**Directions:** For the data below, give again exactly the lines from the one containing "set \<Rightarrow> 'n" through the one containing "mem_box_cart x_def less_eq_vec_def)", both ends included, and no others.

**Dataset records:**
(* Let $d\geq1$, $M\in\mathbb{N}_{\geq2}$, $p\in(1/M,1]$, let $F$ be the fractal percolation in $[0,1]^d$ with parameters $M,p$, $D=\log(M^dp)/\log M$, $r=1/M$, and let $C_n$ and $C_n^j$ be as in the context. Then for each $k\in\{0,\ldots,d\}$ with $k<D$ the limit $$\overline{\mathcal V}^c_k(F):=\lim_{n\to\infty} r^{n(D-k)}\mathbb{E}V_k(C_n)$$ exists and equals $$q_{d,k}\frac{M^{d-k}(1-p)}{M^{d-k}p-1}+\sum_{T\subset\{1,\ldots,M^d\},\,|T|\geq2}(-1)^{|T|-1}\sum_{n=1}^\infty r^{n(D-k)}\mathbb{E}V_k\Big(\bigcap_{j\in T}C_n^j\Big),$$ where $q_{d,k}=V_k([0,1]^d)$ and all series converge.
   Context: Fractal percolation: $J=[0,1]^d$, $F_0:=J$; given $F_{n-1}$, a union of closed grid cubes of side $M^{-(n-1)}$, each such cube is divided into $M^d$ closed subcubes of side $M^{-n}$, each kept independently (of everything else) with probability $p$; $F_n$ is the union of kept subcubes. $J_1,\ldots,J_{M^d}$ are the closed subcubes of side $1/M$ of $J$. $C_n:=\overline{J\setminus F_n}$ (closure), which is the union of all level-$n$ grid cubes (side $M^{-n}$) not belonging to $F_n$; $C_n^j$ is the union of those level-$n$ grid cubes contained in $J_j$ that do not belong to $F_n$. $V_k$ denote intrinsic volumes, additively extended to finite unions of compact convex sets, $V_k(\emptyset)=0$. *)

theory Defs
  imports "HOL-Probability.Probability"
begin

text \<open>Intrinsic volume V_k of a (possibly degenerate) nonempty axis-parallel box:
  the k-th elementary symmetric polynomial of its side lengths; V_k of the empty set is 0.\<close>
definition box_V :: "nat \<Rightarrow> (real^'n) set \<Rightarrow> real" where
  "box_V k X = (if X = {} then 0 else
     (\<Sum>S\<in>{S::'n set. card S = k}.
        \<Prod>j\<in>S. (Sup ((\<lambda>x. x$j) ` X) - Inf ((\<lambda>x. x$j) ` X))))"

definition is_box :: "(real^'n) set \<Rightarrow> bool" where
  "is_box X \<longleftrightarrow> (\<exists>a b. a \<le> b \<and> X = cbox a b)"

definition intrinsic_volume :: "nat \<Rightarrow> (real^'n) set \<Rightarrow> real" where
  "intrinsic_volume k A = (SOME v. \<exists>B. finite B \<and> (\<forall>X\<in>B. is_box X) \<and> A = \<Union>B \<and>
      v = (\<Sum>S\<in>{S. S \<subseteq> B \<and> S \<noteq> {}}. (-1) ^ (card S + 1) * box_V k (\<Inter>S)))"

definition grid_cube :: "nat \<Rightarrow> nat \<Rightarrow> ('n \<Rightarrow> nat) \<Rightarrow> (real^'n) set" where
  "grid_cube M n i = cbox (\<chi> j. real (i j) / real M ^ n) (\<chi> j. real (i j + 1) / real M ^ n)"

definition grid_idx :: "nat \<Rightarrow> nat \<Rightarrow> ('n \<Rightarrow> nat) set" where
  "grid_idx M n = {i. \<forall>j. i j < M ^ n}"

text \<open>kept M X n i: the level-n cube i belongs to F_n, where X n i is the coin
  of level-n cube i (n \<ge> 1); the unique level-0 cube J is always kept.\<close>
fun kept :: "nat \<Rightarrow> (nat \<Rightarrow> ('n \<Rightarrow> nat) \<Rightarrow> bool) \<Rightarrow> nat \<Rightarrow> ('n \<Rightarrow> nat) \<Rightarrow> bool" where
  "kept M X 0 i = True"
| "kept M X (Suc n) i = (kept M X n (\<lambda>j. i j div M) \<and> X (Suc n) i)"

definition Cset :: "nat \<Rightarrow> (nat \<Rightarrow> ('n \<Rightarrow> nat) \<Rightarrow> bool) \<Rightarrow> nat \<Rightarrow> (real^'n) set" where
  "Cset M X n = \<Union>{grid_cube M n i | i. i \<in> grid_idx M n \<and> \<not> kept M X n i}"

definition Cset_sub :: "nat \<Rightarrow> (nat \<Rightarrow> ('n \<Rightarrow> nat) \<Rightarrow> bool) \<Rightarrow> nat \<Rightarrow> ('n \<Rightarrow> nat) \<Rightarrow> (real^'n) set" where
  "Cset_sub M X n jj = \<Union>{grid_cube M n i | i. i \<in> grid_idx M n \<and>
       grid_cube M n i \<subseteq> grid_cube M 1 jj \<and> \<not> kept M X n i}"

end

theory Submission
  imports Defs
begin

text \<open>
  Intrinsic volumes of finite unions of grid boxes are computed by a cell valuation: the
  hyperplanes through the box faces cut space into relatively open cells, and every cell inside
  the set contributes a signed product of edge lengths. This valuation is additive and agrees
  with \<^const>\<open>box_V\<close> on boxes; hence \<^const>\<open>intrinsic_volume\<close> is well defined, satisfies
  inclusion-exclusion, scales by \<open>c ^ k\<close> under \<open>x \<mapsto> c x + t\<close>, and is small on sets that lie
  in few hyperplanes.

  By self-similarity, the part of \<open>C_(n+1)\<close> in a level-1 cube \<open>J_j\<close> is all of \<open>J_j\<close> if \<open>J_j\<close> is
  discarded, and otherwise a copy of \<open>C_n\<close> scaled by \<open>1/M\<close> and built from independent coins.
  Inclusion-exclusion over the \<open>M^d\<close> parts gives the renewal equation
  \<open>a_(n+1) = M^(d-k) ((1 - p) q + p a_n) + b_(n+1)\<close> for \<open>a_n = E V_k(C_n)\<close>, where \<open>b_n\<close> collects
  the expected intrinsic volumes of intersections of parts. These intersections lie in the walls
  \<open>x_l = a/M\<close>, so \<open>b_n = O(M^(n (d-1-k)))\<close>. With \<open>\<rho> = r^(D-k) = M^k / (M^d p) < 1\<close>, the series
  \<open>\<Sum> \<rho>^n b_n\<close> is dominated by a geometric series of ratio \<open>1/(M p) < 1\<close>, and solving the
  renewal equation gives the limit of \<open>\<rho>^n a_n\<close>.
\<close>

section \<open>A cell valuation for unions of grid boxes\<close>

text \<open>The points of a finite set \<open>g \<subseteq> \<real>\<close> cut the line into vertices \<open>(u, u)\<close> and open edges
  \<open>(u, v)\<close>, \<open>u < v\<close>, between consecutive points; a cell is represented by its endpoints.\<close>

definition line_cells :: "real set \<Rightarrow> (real \<times> real) set" where
  "line_cells g = {(u, v). u \<in> g \<and> v \<in> g \<and> u \<le> v \<and> (\<forall>w\<in>g. \<not> (u < w \<and> w < v))}"

definition cell_mid :: "real \<times> real \<Rightarrow> real" where
  "cell_mid c = (fst c + snd c) / 2"

definition cells_between :: "real \<Rightarrow> real \<Rightarrow> real set \<Rightarrow> (real \<times> real) set" where
  "cells_between a b g = {c \<in> line_cells g. a \<le> fst c \<and> snd c \<le> b}"

lemma finite_line_cells: "finite g \<Longrightarrow> finite (line_cells g)"
  by (rule finite_subset[of _ "g \<times> g"]) (auto simp: line_cells_def)

lemma finite_cells_between: "finite g \<Longrightarrow> finite (cells_between a b g)"
  unfolding cells_between_def using finite_line_cells by auto

lemma cell_mid_between_iff:
  assumes c: "c \<in> line_cells g" and a: "a \<in> g" and b: "b \<in> g"
  shows "(a \<le> cell_mid c \<and> cell_mid c \<le> b) \<longleftrightarrow> (a \<le> fst c \<and> snd c \<le> b)"
proof -
  obtain u v where uv: "c = (u, v)" by (cases c)
  have u: "u \<le> v" and nb: "\<And>w. w \<in> g \<Longrightarrow> \<not> (u < w \<and> w < v)"
    using c uv by (auto simp: line_cells_def)
  have "a \<le> (u + v) / 2 \<longleftrightarrow> a \<le> u" using nb[OF a] u by (cases "u < v") auto
  moreover have "(u + v) / 2 \<le> b \<longleftrightarrow> v \<le> b" using nb[OF b] u by (cases "u < v") auto
  ultimately show ?thesis by (simp add: uv cell_mid_def)
qed

lemma cells_between_same: "a \<in> g \<Longrightarrow> cells_between a a g = {(a, a)}"
  by (auto simp: cells_between_def line_cells_def)

lemma cells_between_last:
  assumes g: "finite g" and a: "a \<in> g" and b: "b \<in> g" and ab: "a < b"
  defines "b' \<equiv> Max {w \<in> g. a \<le> w \<and> w < b}"
  shows "b' \<in> g" "a \<le> b'" "b' < b"
    "cells_between a b g = insert (b', b) (insert (b, b) (cells_between a b' g))"
    "(b', b) \<notin> insert (b, b) (cells_between a b' g)" "(b, b) \<notin> cells_between a b' g"
proof -
  have fin: "finite {w \<in> g. a \<le> w \<and> w < b}" using g by auto
  have ne: "{w \<in> g. a \<le> w \<and> w < b} \<noteq> {}" using a ab by auto
  have bm: "b' \<in> {w \<in> g. a \<le> w \<and> w < b}" unfolding b'_def using Max_in[OF fin ne] .
  have bmax: "\<And>w. w \<in> g \<Longrightarrow> a \<le> w \<Longrightarrow> w < b \<Longrightarrow> w \<le> b'"
    unfolding b'_def using fin by (auto intro: Max_ge)
  show b': "b' \<in> g" "a \<le> b'" "b' < b" using bm by auto
  show "(b', b) \<notin> insert (b, b) (cells_between a b' g)" "(b, b) \<notin> cells_between a b' g"
    using b' by (auto simp: cells_between_def)
  show "cells_between a b g = insert (b', b) (insert (b, b) (cells_between a b' g))"
  proof (intro set_eqI iffI)
    fix c assume c: "c \<in> cells_between a b g"
    obtain u v where uv: "c = (u, v)" by (cases c)
    have cu: "u \<in> g" "v \<in> g" "u \<le> v" "a \<le> u" "v \<le> b"
      and nb: "\<And>w. w \<in> g \<Longrightarrow> \<not> (u < w \<and> w < v)"
      using c uv by (auto simp: cells_between_def line_cells_def)
    show "c \<in> insert (b', b) (insert (b, b) (cells_between a b' g))"
    proof (cases "v \<le> b'")
      case True
      then show ?thesis using c uv by (auto simp: cells_between_def)
    next
      case False
      then have "v = b" using bmax[OF cu(2)] cu by force
      moreover have "u = b' \<or> u = b"
      proof -
        have "b' \<le> u" using nb[OF b'(1)] False \<open>v = b\<close> by auto
        moreover have "u < b \<Longrightarrow> u \<le> b'" using bmax[OF cu(1)] cu by auto
        ultimately show ?thesis using cu \<open>v = b\<close> by force
      qed
      ultimately show ?thesis using uv by auto
    qed
  next
    fix c assume "c \<in> insert (b', b) (insert (b, b) (cells_between a b' g))"
    moreover have "(b', b) \<in> line_cells g" using b' b bmax by (force simp: line_cells_def)
    moreover have "(b, b) \<in> line_cells g" using b by (auto simp: line_cells_def)
    ultimately show "c \<in> cells_between a b g" using b' by (auto simp: cells_between_def)
  qed
qed

lemma cells_between_euler_length:
  assumes g: "finite g" and a: "a \<in> g" and b: "b \<in> g" and ab: "a \<le> b"
  shows "(\<Sum>c\<in>cells_between a b g. if fst c < snd c then -1 else 1::real) = 1"
    and "(\<Sum>c\<in>cells_between a b g. if fst c < snd c then snd c - fst c else 0::real) = b - a"
proof -
  have "(\<Sum>c\<in>cells_between a b g. if fst c < snd c then -1 else 1::real) = 1 \<and>
        (\<Sum>c\<in>cells_between a b g. if fst c < snd c then snd c - fst c else 0::real) = b - a"
    using b ab
  proof (induction "card {w \<in> g. a < w \<and> w \<le> b}" arbitrary: b rule: less_induct)
    case (less b)
    show ?case
    proof (cases "a = b")
      case True
      then show ?thesis using cells_between_same[OF a] by simp
    next
      case False
      then have ab': "a < b" using less by auto
      define b' where "b' = Max {w \<in> g. a \<le> w \<and> w < b}"
      note last = cells_between_last[OF g a less(2) ab', folded b'_def]
      have "{w \<in> g. a < w \<and> w \<le> b'} \<subseteq> {w \<in> g. a < w \<and> w \<le> b}"
        and "b \<in> {w \<in> g. a < w \<and> w \<le> b} - {w \<in> g. a < w \<and> w \<le> b'}"
        using last(3) less(2) ab' by auto
      then have "{w \<in> g. a < w \<and> w \<le> b'} \<subset> {w \<in> g. a < w \<and> w \<le> b}" by blast
      then have "card {w \<in> g. a < w \<and> w \<le> b'} < card {w \<in> g. a < w \<and> w \<le> b}"
        using g by (simp add: psubset_card_mono)
      from less(1)[OF this last(1,2)] last(3,5,6) show ?thesis
        unfolding last(4) using finite_cells_between[OF g] by simp
    qed
  qed
  then show "(\<Sum>c\<in>cells_between a b g. if fst c < snd c then -1 else 1::real) = 1"
    and "(\<Sum>c\<in>cells_between a b g. if fst c < snd c then snd c - fst c else 0::real) = b - a"
    by auto
qed

text \<open>In the weight of a cell, the
  directions in \<open>S\<close> contribute edge lengths (vertices contribute \<open>0\<close>) and the other directions
  the Euler characteristic \<open>+1\<close> of a vertex or \<open>-1\<close> of an open edge, so that the weights of the
  cells of a box add up to its \<open>k\<close>-th intrinsic volume.\<close>

definition cell_factor :: "'n set \<Rightarrow> 'n \<Rightarrow> real \<times> real \<Rightarrow> real" where
  "cell_factor S j c = (if j \<in> S then (if fst c < snd c then snd c - fst c else 0)
                        else (if fst c < snd c then -1 else 1))"

definition cell_weight :: "nat \<Rightarrow> ('n::finite \<Rightarrow> real \<times> real) \<Rightarrow> real" where
  "cell_weight k c = (\<Sum>S\<in>{S::'n set. card S = k}. \<Prod>j\<in>UNIV. cell_factor S j (c j))"

definition grid_cells :: "('n::finite \<Rightarrow> real set) \<Rightarrow> ('n \<Rightarrow> real \<times> real) set" where
  "grid_cells G = PiE UNIV (\<lambda>j. line_cells (G j))"

definition grid_cell_mid :: "('n::finite \<Rightarrow> real \<times> real) \<Rightarrow> real^'n" where
  "grid_cell_mid c = (\<chi> j. cell_mid (c j))"

definition cell_valuation :: "nat \<Rightarrow> ('n::finite \<Rightarrow> real set) \<Rightarrow> (real^'n) set \<Rightarrow> real" where
  "cell_valuation k G A = (\<Sum>c\<in>grid_cells G. indicator A (grid_cell_mid c) * cell_weight k c)"

definition grid_box :: "('n::finite \<Rightarrow> real set) \<Rightarrow> (real^'n) set \<Rightarrow> bool" where
  "grid_box G X \<longleftrightarrow> (\<exists>a b. a \<le> b \<and> X = cbox a b \<and> (\<forall>j. a$j \<in> G j \<and> b$j \<in> G j))"

lemma finite_grid_cells: "(\<And>j. finite (G j)) \<Longrightarrow> finite (grid_cells G)"
  unfolding grid_cells_def by (intro finite_PiE) (auto intro: finite_line_cells)

lemma image_component_cbox:
  fixes a b :: "real^'n"
  assumes "a \<le> b"
  shows "(\<lambda>x. x$j) ` cbox a b = {a$j..b$j}"
proof (intro set_eqI iffI)
  fix t assume "t \<in> (\<lambda>x. x$j) ` cbox a b"
  then show "t \<in> {a$j..b$j}" by (auto simp: mem_box_cart)
next
  fix t assume t: "t \<in> {a$j..b$j}"
  define x where "x = (\<chi> l. if l = j then t else a$l)"
  have "x \<in> cbox a b" using t assms by (auto simp: mem_box_cart x_def less_eq_vec_def)
  moreover have "x$j = t" by (simp add: x_def)
  ultimately show "t \<in> (\<lambda>x. x$j) ` cbox a b" by force
qed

**Written solution:**
definition cell_factor :: "'n set \<Rightarrow> 'n \<Rightarrow> real \<times> real \<Rightarrow> real" where
  "cell_factor S j c = (if j \<in> S then (if fst c < snd c then snd c - fst c else 0)
                        else (if fst c < snd c then -1 else 1))"

definition cell_weight :: "nat \<Rightarrow> ('n::finite \<Rightarrow> real \<times> real) \<Rightarrow> real" where
  "cell_weight k c = (\<Sum>S\<in>{S::'n set. card S = k}. \<Prod>j\<in>UNIV. cell_factor S j (c j))"

definition grid_cells :: "('n::finite \<Rightarrow> real set) \<Rightarrow> ('n \<Rightarrow> real \<times> real) set" where
  "grid_cells G = PiE UNIV (\<lambda>j. line_cells (G j))"

definition grid_cell_mid :: "('n::finite \<Rightarrow> real \<times> real) \<Rightarrow> real^'n" where
  "grid_cell_mid c = (\<chi> j. cell_mid (c j))"

definition cell_valuation :: "nat \<Rightarrow> ('n::finite \<Rightarrow> real set) \<Rightarrow> (real^'n) set \<Rightarrow> real" where
  "cell_valuation k G A = (\<Sum>c\<in>grid_cells G. indicator A (grid_cell_mid c) * cell_weight k c)"

definition grid_box :: "('n::finite \<Rightarrow> real set) \<Rightarrow> (real^'n) set \<Rightarrow> bool" where
  "grid_box G X \<longleftrightarrow> (\<exists>a b. a \<le> b \<and> X = cbox a b \<and> (\<forall>j. a$j \<in> G j \<and> b$j \<in> G j))"

lemma finite_grid_cells: "(\<And>j. finite (G j)) \<Longrightarrow> finite (grid_cells G)"
  unfolding grid_cells_def by (intro finite_PiE) (auto intro: finite_line_cells)

lemma image_component_cbox:
  fixes a b :: "real^'n"
  assumes "a \<le> b"
  shows "(\<lambda>x. x$j) ` cbox a b = {a$j..b$j}"
proof (intro set_eqI iffI)
  fix t assume "t \<in> (\<lambda>x. x$j) ` cbox a b"
  then show "t \<in> {a$j..b$j}" by (auto simp: mem_box_cart)
next
  fix t assume t: "t \<in> {a$j..b$j}"
  define x where "x = (\<chi> l. if l = j then t else a$l)"
  have "x \<in> cbox a b" using t assms by (auto simp: mem_box_cart x_def less_eq_vec_def)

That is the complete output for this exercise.